Wednesday, June 26, 2024

CAMP LASSEN – BLAST FROM THE PAST III

 episode 3 in a weekend with extended family

 As coincidence would have it, on the evening of that very distressing day when the final decree for divorce from my first marriage was issued, I had been roped into being ‘entertainment’ for a Methodist Church family camp up the hill from Chico. There, I regaled the assembled with my impressions of Jimmy Stewart [everyone can do impressions of Jimmy Stewart] and my strumming of the ukulele [anyone can strum a uke; most are smart enough not to.] I don’t imagine that I was particularly entertaining. At some point, the minister asked the typical how’s it goin’ question, and man of God that he was, I gave an honest answer. Probably unexpected.



 Fast forward a few years and I am marrying the good reverend’s daughter at that very camp.

 

 

Thirty-eight years later, almost to the day, said bride, my dear Candace, and I are returning from a Lake Almanor family weekend. We’d chosen to travel the scenic Deer Creek Highway and were doing so when she suggested we take a detour into Butte Meadows and then up the gravel road to the Boy Scout Camp where it all began.  

 

The place had aged and the spirit seemed muted as the parcel was dotted with No Trespassing signs nailed to yellow pines, cedars and fence posts. A stroll through romance and memories would be out of the question this day. We turned around at the gate, but after a couple of hundred yards, the urge was too great. Parking by the side of the road, we hiked back to the gate and entered the property. Just this side of the three flagpoles on the edge of the Chico Meadows greenery, I hailed a young man. “Permission to come aboard,” I hollered. 

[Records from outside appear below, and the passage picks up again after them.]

lemma bit_diff_one:
  assumes "bit (n::nat) i" "i < a"
  shows "bit (n - 1) a = bit n a"
proof -
  have "n mod 2 ^ a \<noteq> 0"
  proof
    assume "n mod 2 ^ a = 0"
    moreover have "(2::nat) ^ a = 2 ^ i * 2 ^ (a - i)"
      using assms(2) by (simp flip: power_add)
    ultimately obtain q where "n = 2 ^ i * (2 ^ (a - i) * q)"
      by (metis dvd_def mod_0_imp_dvd mult.assoc)
    then have "n div 2 ^ i = 2 ^ (a - i) * q" by simp
    with assms show False by (simp add: bit_iff_odd)
  qed
  then have "(n - 1) div 2 ^ a = n div 2 ^ a" by (rule div_diff_one_eq)
  then show ?thesis by (simp only: bit_iff_odd)
qed

lemma mod_pow2_add_run:
  fixes x :: nat
  assumes "b \<le> a" "\<forall>j. b \<le> j \<and> j < a \<longrightarrow> bit x j"
  shows "x mod 2 ^ a + 2 ^ b = x mod 2 ^ b + 2 ^ a"
  using assms
proof (induction a)
  case (Suc a)
  show ?case
  proof (cases "b = Suc a")
    case False
    with Suc.prems have "b \<le> a" "bit x a" by auto
    with Suc show ?thesis
      using take_bit_Suc_from_most[of a x] by (simp add: take_bit_eq_mod)
  qed simp
qed simp

section \<open>Population protocols\<close>

lemma transitionI:
  "i \<in> {1..n} \<Longrightarrow> j \<in> {1..n} \<Longrightarrow> i \<noteq> j \<Longrightarrow> (a, b) \<in> \<delta> (C i) (C j) \<Longrightarrow>
    transition \<delta> n C (C(i := a, j := b))"
  unfolding transition_def by (rule bexI[of _ i], rule bexI[of _ j]) auto

lemma transitionE:
  assumes "transition \<delta> n C D"
  obtains i j where "i \<in> {1..n}" "j \<in> {1..n}" "i \<noteq> j" "(D i, D j) \<in> \<delta> (C i) (C j)"
    "\<And>k. k \<noteq> i \<Longrightarrow> k \<noteq> j \<Longrightarrow> D k = C k"
  using assms unfolding transition_def by blast

lemma reachable_refl: "reachable \<delta> n C C"
  by (simp add: reachable_def)

lemma reachable_step: "reachable \<delta> n C D \<Longrightarrow> transition \<delta> n D E \<Longrightarrow> reachable \<delta> n C E"
  unfolding reachable_def by (rule rtranclp.rtrancl_into_rtrancl)

lemma reachable_step_converse: "transition \<delta> n C D \<Longrightarrow> reachable \<delta> n D E \<Longrightarrow> reachable \<delta> n C E"
  unfolding reachable_def by (rule converse_rtranclp_into_rtranclp)

lemma reachable_trans: "reachable \<delta> n C D \<Longrightarrow> reachable \<delta> n D E \<Longrightarrow> reachable \<delta> n C E"
  unfolding reachable_def by (rule rtranclp_trans)
(* For every integer $k\ge1$ and every $n\ge2k+1$, the elements $\Lambda_{\{2,4,\dots,2k\}}$ and $\Lambda_{\{1,2k+1\}}$ commute in $U_q(\mathfrak{sl}_2)^{\otimes n}$.
   Context: Let $\mathbb{K}$ be a field and $q\in\mathbb{K}$ not a root of unity. $U_q(\mathfrak{sl}_2)$ is the associative $\mathbb{K}$-algebra with generators $E,F,K,K^{-1}$ and relations $KK^{-1}=K^{-1}K=1$, $KE=q^2EK$, $KF=q^{-2}FK$, $EF-FE=\frac{K-K^{-1}}{q-q^{-1}}$, with Casimir element $\Lambda=(q-q^{-1})^2EF+q^{-1}K+qK^{-1}$ and coproduct $\Delta(E)=E\otimes1+K\otimes E$, $\Delta(F)=F\otimes K^{-1}+1\otimes F$, $\Delta(K^{\pm1})=K^{\pm1}\otimes K^{\pm1}$. $\mathcal{I}_R$ is the subalgebra generated by $EK^{-1},F,K^{-1},\Lambda$, with algebra morphism $\tau_R:\mathcal{I}_R\to U_q(\mathfrak{sl}_2)\otimes\mathcal{I}_R$: $\tau_R(EK^{-1})=K^{-1}\otimes EK^{-1}$, $\tau_R(F)=K\otimes F-q^{-3}(q-q^{-1})^2F^2K\otimes EK^{-1}+q^{-1}(q+q^{-1})FK\otimes K^{-1}-q^{-1}FK\otimes\Lambda$, $\tau_R(K^{-1})=1\otimes K^{-1}-q^{-1}(q-q^{-1})^2F\otimes EK^{-1}$, $\tau_R(\Lambda)=1\otimes\Lambda$. $1^{\otimes\ell}\otimes\varphi\otimes1^{\otimes m}$ applies $\varphi$ to tensor position $\ell+1$. For $A=\{a_1<\dots<a_m\}\subseteq\{1,\dots,n\}$, $\Lambda_A=1^{\otimes(a_1-1)}\otimes(\mu_m\circ\cdots\circ\mu_2)(\Lambda)\otimes1^{\otimes(n-a_m)}$ with $\mu_i=(1^{\otimes(a_i-a_1-1)}\otimes\tau_R)\circ\cdots\circ(1^{\otimes(a_{i-1}-a_1+1)}\otimes\tau_R)\circ(1^{\otimes(a_{i-1}-a_1)}\otimes\Delta)$ (no $\tau_R$ factors when $a_i=a_{i-1}+1$). *)

theory Defs
  imports Main
begin

text \<open>
  An atom  At j l  denotes the element l of U_q(sl_2) placed in tensor
  position j (positions are 1-indexed, as in the paper).  The letters
  LEKi and LLam denote E K^{-1} and the Casimir Lambda; together with LF and
  LKi they are the generators of the subalgebra I_R.
\<close>

datatype letter = LE | LF | LK | LKi | LEKi | LLam

datatype 'k tm = Sc 'k | At nat letter | Add "'k tm" "'k tm" | Mul "'k tm" "'k tm"

text \<open>Evaluation of a symbolic expression in a K-algebra given by a ring 'a,
  a structure map sc : K -> 'a (ring homomorphism into the centre) and
  elements e j, f j, k j, ki j (the generators E, F, K, K^{-1} in position j).\<close>

fun letter_val :: "'k::field \<Rightarrow> ('k \<Rightarrow> 'a::ring_1) \<Rightarrow> (nat \<Rightarrow> 'a) \<Rightarrow> (nat \<Rightarrow> 'a)
    \<Rightarrow> (nat \<Rightarrow> 'a) \<Rightarrow> (nat \<Rightarrow> 'a) \<Rightarrow> nat \<Rightarrow> letter \<Rightarrow> 'a" where
  "letter_val q sc e f k ki j LE = e j"
| "letter_val q sc e f k ki j LF = f j"
| "letter_val q sc e f k ki j LK = k j"
| "letter_val q sc e f k ki j LKi = ki j"
| "letter_val q sc e f k ki j LEKi = e j * ki j"
| "letter_val q sc e f k ki j LLam =
     sc ((q - inverse q)^2) * e j * f j + sc (inverse q) * k j + sc q * ki j"

fun ev :: "'k::field \<Rightarrow> ('k \<Rightarrow> 'a::ring_1) \<Rightarrow> (nat \<Rightarrow> 'a) \<Rightarrow> (nat \<Rightarrow> 'a)
    \<Rightarrow> (nat \<Rightarrow> 'a) \<Rightarrow> (nat \<Rightarrow> 'a) \<Rightarrow> 'k tm \<Rightarrow> 'a" where
  "ev q sc e f k ki (Sc c) = sc c"
| "ev q sc e f k ki (At j l) = letter_val q sc e f k ki j l"
| "ev q sc e f k ki (Add s t) = ev q sc e f k ki s + ev q sc e f k ki t"
| "ev q sc e f k ki (Mul s t) = ev q sc e f k ki s * ev q sc e f k ki t"

fun subst :: "(nat \<Rightarrow> letter \<Rightarrow> 'k tm) \<Rightarrow> 'k tm \<Rightarrow> 'k tm" where
  "subst \<sigma> (Sc c) = Sc c"
| "subst \<sigma> (At j l) = \<sigma> j l"
| "subst \<sigma> (Add s t) = Add (subst \<sigma> s) (subst \<sigma> t)"
| "subst \<sigma> (Mul s t) = Mul (subst \<sigma> s) (subst \<sigma> t)"

definition sub :: "'k::field tm \<Rightarrow> 'k tm \<Rightarrow> 'k tm" where
  "sub s t = Add s (Mul (Sc (-1)) t)"

text \<open>The coproduct Delta applied in tensor position p (result in positions p, p+1).
  On E, F, K, K^{-1} these are the defining formulas; on E K^{-1} and Lambda
  they are Delta(E)Delta(K^{-1}) and Delta(Lambda) rewritten so that the right
  tensor factor is expressed through the generators of I_R:
   Delta(E K^{-1}) = E K^{-1} (x) K^{-1} + 1 (x) E K^{-1},
   Delta(Lambda) = Lambda (x) K^{-1} - q^{-1} K (x) K^{-1} - q K (x) K^{-1}
                   + (q-q^{-1})^2 E (x) F + (q-q^{-1})^2 K F (x) E K^{-1} + K (x) Lambda.\<close>

fun delta_img :: "'k::field \<Rightarrow> nat \<Rightarrow> letter \<Rightarrow> 'k tm" where
  "delta_img q p LE = Add (At p LE) (Mul (At p LK) (At (p+1) LE))"
| "delta_img q p LF = Add (Mul (At p LF) (At (p+1) LKi)) (At (p+1) LF)"
| "delta_img q p LK = Mul (At p LK) (At (p+1) LK)"
| "delta_img q p LKi = Mul (At p LKi) (At (p+1) LKi)"
| "delta_img q p LEKi = Add (Mul (At p LEKi) (At (p+1) LKi)) (At (p+1) LEKi)"
| "delta_img q p LLam =
     Add (Mul (At p LLam) (At (p+1) LKi))
    (Add (Mul (Sc (- inverse q)) (Mul (At p LK) (At (p+1) LKi)))
    (Add (Mul (Sc (- q)) (Mul (At p LK) (At (p+1) LKi)))
    (Add (Mul (Sc ((q - inverse q)^2)) (Mul (At p LE) (At (p+1) LF)))
    (Add (Mul (Sc ((q - inverse q)^2)) (Mul (Mul (At p LK) (At p LF)) (At (p+1) LEKi)))
         (Mul (At p LK) (At (p+1) LLam))))))"
text \<open>Agent \<open>i\<close> hands \<open>s (-v i' j')\<close> of chore \<open>j\<close> to \<open>i'\<close> and takes back \<open>s (-v i' j)\<close> of
  chore \<open>j'\<close>; this leaves \<open>i'\<close> indifferent and changes the utility of \<open>i\<close> by
  \<open>s (v i j v i' j' - v i' j v i j')\<close>.\<close>

lemma pareto_improving_exchange:
  assumes v_neg: "\<forall>i j. v i j < 0" and alloc: "allocation z"
    and "z i j > 0" and "z i' j' > 0"
    and cross: "v i' j * v i j' < v i j * v i' j'"
  obtains y where "allocation y" and "\<forall>k. util v k (z k) \<le> util v k (y k)"
    and "util v i (z i) < util v i (y i)"
proof -
  have "i \<noteq> i'" and "j \<noteq> j'"
    using cross by (auto simp: mult.commute)
  define s where "s = min (z i j / - v i' j') (z i' j' / - v i' j)"
  define e where "e = s * - v i' j'"
  define d where "d = s * - v i' j"
  have s_pos: "s > 0"
    unfolding s_def using assms by (simp add: divide_pos_neg)
  have "e \<le> z i j"
  proof -
    have "s \<le> z i j / - v i' j'" and "0 < - v i' j'"
      using v_neg by (simp_all only: s_def min.cobounded1 neg_0_less_iff_less)
    then show ?thesis
      unfolding e_def by (metis pos_le_divide_eq)
  qed
  have "d \<le> z i' j'"
  proof -
    have "s \<le> z i' j' / - v i' j" and "0 < - v i' j"
      using v_neg by (simp_all only: s_def min.cobounded2 neg_0_less_iff_less)
    then show ?thesis
      unfolding d_def by (metis pos_le_divide_eq)
  qed
  have "e > 0" and "d > 0"
    unfolding e_def d_def using s_pos v_neg by (simp_all add: mult_pos_neg)
  define y where "y = transfer (transfer z i i' j e) i' i j' d"
  have "allocation (transfer z i i' j e)"
    using alloc \<open>e > 0\<close> \<open>e \<le> z i j\<close> by (intro allocation_transfer) auto
  moreover have "transfer z i i' j e i' j' = z i' j'"
    using \<open>j \<noteq> j'\<close> by (simp add: transfer_def)
  ultimately have "allocation y"
    unfolding y_def using \<open>d > 0\<close> \<open>d \<le> z i' j'\<close> by (intro allocation_transfer[of "transfer z i i' j e"]) auto
  have util_y: "util v k (y k) = util v k (z k)
      + (if k = i then s * (v i j * v i' j' - v i' j * v i j') else 0)" for k
    using \<open>i \<noteq> i'\<close> by (auto simp: y_def util_transfer e_def d_def algebra_simps)
  have "s * (v i j * v i' j' - v i' j * v i j') > 0"
    using s_pos cross by simp
  with util_y \<open>allocation y\<close> show ?thesis
    using that by auto
qed
text \<open>A history is the list of past rounds (I_s, J_s): attacked location and scanned set.
  The attacker only observes its own actions and rewards r = x_{I_s}(s) = (I_s not in J_s).
  Attacker and defender move simultaneously (independently given the history).\<close>

primrec play :: "((nat \<times> bool) list \<Rightarrow> nat pmf) \<Rightarrow> ((nat \<times> nat set) list \<Rightarrow> nat set pmf)
    \<Rightarrow> nat \<Rightarrow> (nat \<times> nat set) list pmf" where
  "play att env 0 = return_pmf []"
| "play att env (Suc t) =
     bind_pmf (play att env t) (\<lambda>h.
       bind_pmf (att (map (\<lambda>(i, J). (i, i \<notin> J)) h)) (\<lambda>i.
         bind_pmf (env h) (\<lambda>J. return_pmf (h @ [(i, J)]))))"

definition att_total :: "(nat \<times> nat set) list \<Rightarrow> real" where
  "att_total h = sum_list (map (\<lambda>(i, J). if i \<notin> J then 1 else 0) h)"

definition loc_total :: "nat \<Rightarrow> (nat \<times> nat set) list \<Rightarrow> real" where
  "loc_total k h = sum_list (map (\<lambda>(i, J). if k \<notin> J then 1 else 0) h)"

definition def_total :: "(nat \<times> nat set) list \<Rightarrow> real" where
  "def_total h = sum_list (map (\<lambda>(i, J). \<Sum>j\<in>J. if i = j then 1 else 0) h)"

text \<open>No-regret attacker algorithm (the attacker may know the horizon T; att T is its
  behavioural strategy for horizon T).\<close>
definition attacker_no_regret :: "nat \<Rightarrow> (nat \<Rightarrow> (nat \<times> bool) list \<Rightarrow> nat pmf) \<Rightarrow> bool" where
  "attacker_no_regret N att \<longleftrightarrow>
     (\<forall>T h. set_pmf (att T h) \<subseteq> {1..N}) \<and>
     (\<exists>g :: nat \<Rightarrow> real. g \<in> o(\<lambda>T. real T) \<and>
        (\<forall>T env. Max ((\<lambda>k. measure_pmf.expectation (play (att T) env T) (loc_total k)) ` {1..N})
                   - g T
                 \<le> measure_pmf.expectation (play (att T) env T) att_total))"

definition kappa :: "real \<Rightarrow> nat \<Rightarrow> nat \<Rightarrow> (nat \<Rightarrow> real) \<Rightarrow> real" where
  "kappa \<eta> N m w = (SOME \<kappa>. \<kappa> / ((\<Sum>i\<in>{i\<in>{1..N}. w i \<ge> \<kappa>}. \<kappa>) + (\<Sum>i\<in>{i\<in>{1..N}. w i < \<kappa>}. w i))
                         = (1 / real m - \<eta> / real N) / (1 - \<eta>))"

 The fellow may not have understood the reference, but he did kindly shepherd us to the grand old lodge fashioned of huge logs and timbers where we were graciously welcomed and – there being no young campers on site yet – invited to explore around a bit.




 Camp Lassen was established in 1933. (I’d always thought the main building was a product of the WPA.)  Sometime during the 1950s, a young camper named Billy Bernard attended, paddled an aluminum canoe in the pond, sipped water from pipe at the far end of the meadow – that spring being the source of Chico Creek – and located arrowheads crafted from flint and obsidian. 




In 1986, thirty years later and now the Superintendent of the Jamestown (Tuolumne County) School District where I would enjoy my first administrative placement, ‘William’ Bernard took the children of those attending out to find arrowheads and splash in the pond.

 

Out back of the lodge stands the staff cabin, suited for those who’d be living in Chico Meadows for a summer rather than simply a week.  

 


There, some miscreant attending our nuptials found it entertaining to stuff the wedding bedstead with pinecones and needles and a grotesque sculpted clay fish head. Something about which is still laughable.

 

 

Candi is the individual within our coupling that always wants to see what’s around the next bend. Time after time, she’s encouraged us to travel just a bit farther or explore just a bit more or edge across a line I might otherwise turn from. This was the case at Camp Lassen this year: 38 years later.  



 

I’m so glad she did because we were informed that the Lassen Area Scouting Council is putting the property up for sale. With Scouting in 21st century decline, one wonders where the future Billy Bernards of the world will find their first arrowheads.